Closed toddbaert closed 4 months ago
I think, reading this and the spec as it currently is, that stale may have morphed as single-context was added.
https://openfeature.dev/specification/types#provider-status
The provider's cached state is no longer valid and may not be up-to-date with the source of truth.
Which reads to me as different than a context transition for a single-context paradigm.

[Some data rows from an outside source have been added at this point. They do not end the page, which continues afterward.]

lemma signs_insert:
  assumes "a \<notin> A"
  shows "signs (insert a A) = (\<lambda>\<sigma>. \<sigma>(a := 1)) ` signs A \<union> (\<lambda>\<sigma>. \<sigma>(a := -1)) ` signs A"
proof (intro equalityI subsetI)
  fix \<sigma>
  assume \<sigma>: "\<sigma> \<in> signs (insert a A)"
  then have "\<sigma>(a := 0) \<in> signs A" and "\<sigma> = (\<sigma>(a := 0))(a := \<sigma> a)" and "\<sigma> a = 1 \<or> \<sigma> a = -1"
    using assms by (auto simp: signs_def)
  then show "\<sigma> \<in> (\<lambda>\<sigma>. \<sigma>(a := 1)) ` signs A \<union> (\<lambda>\<sigma>. \<sigma>(a := -1)) ` signs A"
    by (metis UnI1 UnI2 image_eqI)
qed (fastforce simp: signs_def)

lemma inj_on_fun_upd_signs:
  assumes "a \<notin> A"
  shows "inj_on (\<lambda>\<sigma>. \<sigma>(a := c)) (signs A)"
proof (rule inj_onI)
  fix \<sigma> \<tau>
  assume "\<sigma> \<in> signs A" "\<tau> \<in> signs A" "\<sigma>(a := c) = \<tau>(a := c)"
  then have "\<sigma> t = \<tau> t" for t
    using assms by (cases "t = a") (auto simp: signs_def dest: fun_cong[where x = t])
  then show "\<sigma> = \<tau>" ..
qed

lemma finite_signs: "finite A \<Longrightarrow> finite (signs A)"
  by (induction A rule: finite_induct) (simp_all add: signs_empty signs_insert)

lemma sum_signs_insert:
  assumes "a \<notin> A" "finite A"
  shows "(\<Sum>\<sigma>\<in>signs (insert a A). G \<sigma>) = (\<Sum>\<sigma>\<in>signs A. G (\<sigma>(a := 1)) + G (\<sigma>(a := -1)))"
proof -
  have "(\<lambda>\<sigma>. \<sigma>(a := 1)) ` signs A \<inter> (\<lambda>\<sigma>. \<sigma>(a := -1)) ` signs A = {}"
    by (auto dest: fun_cong[where x = a])
  then have "(\<Sum>\<sigma>\<in>signs (insert a A). G \<sigma>)
      = (\<Sum>\<sigma>\<in>(\<lambda>\<sigma>. \<sigma>(a := 1)) ` signs A. G \<sigma>) + (\<Sum>\<sigma>\<in>(\<lambda>\<sigma>. \<sigma>(a := -1)) ` signs A. G \<sigma>)"
    unfolding signs_insert[OF assms(1)]
    by (intro sum.union_disjoint) (simp_all add: finite_signs assms(2))
  also have "\<dots> = (\<Sum>\<sigma>\<in>signs A. G (\<sigma>(a := 1))) + (\<Sum>\<sigma>\<in>signs A. G (\<sigma>(a := -1)))"
    by (simp add: sum.reindex inj_on_fun_upd_signs assms(1))
  finally show ?thesis by (simp add: sum.distrib)
qed

text \<open>Signs outside \<open>B\<close> do not affect the summand, so each of them only doubles the sum.\<close>

lemma sum_signs_eq_walk_sum:
  assumes "finite A" "B \<subseteq> A"
  shows "(\<Sum>\<sigma>\<in>signs A. F (x + (\<Sum>t\<in>B. \<sigma> t))) = 2 ^ (card A - card B) * walk_sum F (card B) x"
  using assms
proof (induction A arbitrary: B x rule: finite_induct)
  case empty
  then show ?case by (simp add: signs_empty)
next
  case (insert a A)
  show ?case
  proof (cases "a \<in> B")
    case True
    let ?B = "B - {a}"
    have "finite B"
      using insert.prems insert.hyps(1) by (rule finite_subset[OF _ finite_insert[THEN iffD2]])
    then have B: "?B \<subseteq> A" "finite ?B" "card B = Suc (card ?B)"
      using insert True card_Suc_Diff1[of B a] by auto
    have upd: "(\<Sum>t\<in>B. (\<sigma>(a := c)) t) = c + (\<Sum>t\<in>?B. \<sigma> t)" for \<sigma> :: "nat \<Rightarrow> real" and c
      using True B(2) by (simp add: sum.remove[of B a])
    have "(\<Sum>\<sigma>\<in>signs (insert a A). F (x + (\<Sum>t\<in>B. \<sigma> t)))
        = (\<Sum>\<sigma>\<in>signs A. F ((x + 1) + (\<Sum>t\<in>?B. \<sigma> t))) + (\<Sum>\<sigma>\<in>signs A. F ((x - 1) + (\<Sum>t\<in>?B. \<sigma> t)))"
      unfolding sum_signs_insert[OF insert.hyps(2,1)] upd by (simp add: sum.distrib algebra_simps)
    also have "\<dots> = 2 ^ (card A - card ?B) * walk_sum F (Suc (card ?B)) x"
      using insert.IH[OF B(1)] by (simp add: distrib_left)
    finally show ?thesis using B insert.hyps by simp
  next
    case False
    then have "B \<subseteq> A" using insert.prems by auto
    then have "card B \<le> card A" using insert.hyps(1) by (rule card_mono[rotated])
    have upd: "(\<Sum>t\<in>B. (\<sigma>(a := c)) t) = (\<Sum>t\<in>B. \<sigma> t)" for \<sigma> :: "nat \<Rightarrow> real" and c
      using False by (intro sum.cong) auto
    show ?thesis
      unfolding sum_signs_insert[OF insert.hyps(2,1)] upd
      using insert.IH[OF \<open>B \<subseteq> A\<close>] insert.hyps \<open>card B \<le> card A\<close>
      by (simp add: Suc_diff_le sum_distrib_left[symmetric])
  qed
qed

In most LaunchDarkly SDKs we have a data source status, which is largely similar to the provider state currently. Independent of that we have ready/initialized
.
So, in the case where we were not getting updates, the stream was interrupted, I was considering that stale. Example: https://github.com/launchdarkly/openfeature-java-server/blob/86eb1e2d1b47f80ac1016f06c6edd868d2fff49b/src/main/java/com/launchdarkly/openfeature/serverprovider/Provider.java#L154
My general feelings are this:
Some situations: "I want to know that this provider is ready to use (has initialized)?" - Seems good, and this simplifies the implementation. "I want to know if the flag values are up to date?" - Potential loss of granularity here. "I want to know if an unrecoverable error has been encountered?" - Not sure.
Some other examples of stale versus fresh.

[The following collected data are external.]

theorem lemma3p1:
  fixes V :: "'a set" and E :: "'a set set" and l :: nat
  assumes "simple_graph V E"
    and "l \<ge> 3"
    and "\<not> has_cycle V E l"
  shows "real (card (triangles V E)) \<le> (real l - 3) / 3 * real (card E)"
proof -
  have "2 * (3 * card (triangles V E)) = (\<Sum>v\<in>V. 2 * card (edges_within E (neighbours V E v)))"
    using sum_card_neighbour_edges[OF assms(1)] by (simp add: sum_distrib_left[symmetric])
  also have "\<dots> \<le> (\<Sum>v\<in>V. (l - 3) * card (neighbours V E v))"
    using card_neighbour_edges_le[OF assms] by (rule sum_mono)
  also have "\<dots> = (l - 3) * (2 * card E)"
    using sum_card_neighbours[OF assms(1)] by (simp only: sum_distrib_left[symmetric])
  finally have "3 * card (triangles V E) \<le> (l - 3) * card E"
    by (simp add: mult.commute)
  then have "real (3 * card (triangles V E)) \<le> real ((l - 3) * card E)"
    by (simp only: of_nat_le_iff)
  then have "3 * real (card (triangles V E)) \<le> (real l - 3) * real (card E)"
    using assms(2) by (simp add: of_nat_diff)
  then show ?thesis
    by (simp add: field_simps)
qed

end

I am for the provider not exposing a state in the same way that it was.
I have concerns that we are not exposing the correct actionable information currently or with this proposal.
I see your 2nd point, and I was also a bit concerned about the unclear semantics of STALE.
In the case of the react SDK (and likely any "front-end" SDKs) it's important to have some event that essentially means "context has changed, and my flags are being re-evaluated". During this time, it's desirable to have components "suspend", so that if application authors desire it, loading indicators can be shown while the new flag values are fetched (this is described in 5.3.4.x). Perhaps we're overloading STALE for this purpose. Might it be better to have a client-specific event type for this, in addition to CONTEXT_CHANGED
? Something that indicates a context change is pending?
It would simplify the status management if we could manage that in the SDK rather than in the provider. It was a source for me to be lost when trying to write it, especially without waiting for the initialize response.
I think this would simplify when writing the providers.
I like the proposal. I totally agree with your summary and remember some confusion around this when implementing it in the SDK.
Might it be better to have a client-specific event type for this, in addition to CONTEXT_CHANGED? Something that indicates a context change is pending?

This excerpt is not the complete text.